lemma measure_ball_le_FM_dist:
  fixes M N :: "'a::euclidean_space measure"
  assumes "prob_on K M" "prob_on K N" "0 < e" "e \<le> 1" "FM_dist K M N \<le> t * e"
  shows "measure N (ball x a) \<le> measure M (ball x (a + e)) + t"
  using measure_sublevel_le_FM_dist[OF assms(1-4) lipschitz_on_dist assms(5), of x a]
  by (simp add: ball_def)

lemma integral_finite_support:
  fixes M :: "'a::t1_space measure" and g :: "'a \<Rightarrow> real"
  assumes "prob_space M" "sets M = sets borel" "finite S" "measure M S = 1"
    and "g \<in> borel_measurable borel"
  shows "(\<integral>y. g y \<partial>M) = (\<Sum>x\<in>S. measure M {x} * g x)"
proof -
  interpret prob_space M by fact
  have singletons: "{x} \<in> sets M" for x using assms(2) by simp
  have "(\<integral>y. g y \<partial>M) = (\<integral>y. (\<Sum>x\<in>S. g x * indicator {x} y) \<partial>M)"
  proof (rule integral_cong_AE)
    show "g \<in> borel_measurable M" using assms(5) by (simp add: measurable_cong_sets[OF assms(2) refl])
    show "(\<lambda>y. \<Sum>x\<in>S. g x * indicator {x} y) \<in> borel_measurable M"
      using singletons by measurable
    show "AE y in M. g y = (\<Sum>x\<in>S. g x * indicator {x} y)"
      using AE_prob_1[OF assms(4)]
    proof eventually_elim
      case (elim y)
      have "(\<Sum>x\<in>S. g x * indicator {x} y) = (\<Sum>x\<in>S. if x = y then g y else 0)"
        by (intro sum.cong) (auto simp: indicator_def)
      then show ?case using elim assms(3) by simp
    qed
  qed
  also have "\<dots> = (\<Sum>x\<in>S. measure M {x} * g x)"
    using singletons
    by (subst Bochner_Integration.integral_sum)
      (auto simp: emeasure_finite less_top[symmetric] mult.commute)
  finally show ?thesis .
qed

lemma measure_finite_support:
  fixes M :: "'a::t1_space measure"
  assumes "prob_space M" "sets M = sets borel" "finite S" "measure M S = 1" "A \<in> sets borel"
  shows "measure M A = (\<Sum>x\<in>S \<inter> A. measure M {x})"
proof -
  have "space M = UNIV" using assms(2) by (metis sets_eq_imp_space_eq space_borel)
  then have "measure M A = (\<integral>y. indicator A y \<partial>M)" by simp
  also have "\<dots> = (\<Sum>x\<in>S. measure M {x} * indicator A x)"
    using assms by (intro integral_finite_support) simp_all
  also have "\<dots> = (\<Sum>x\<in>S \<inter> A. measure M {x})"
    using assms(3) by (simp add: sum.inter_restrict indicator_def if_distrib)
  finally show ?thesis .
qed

• _Work task_: In the entries above, some lines may contain the string "assumes"; report how many, without additional comment.

• _Exercise output_: 3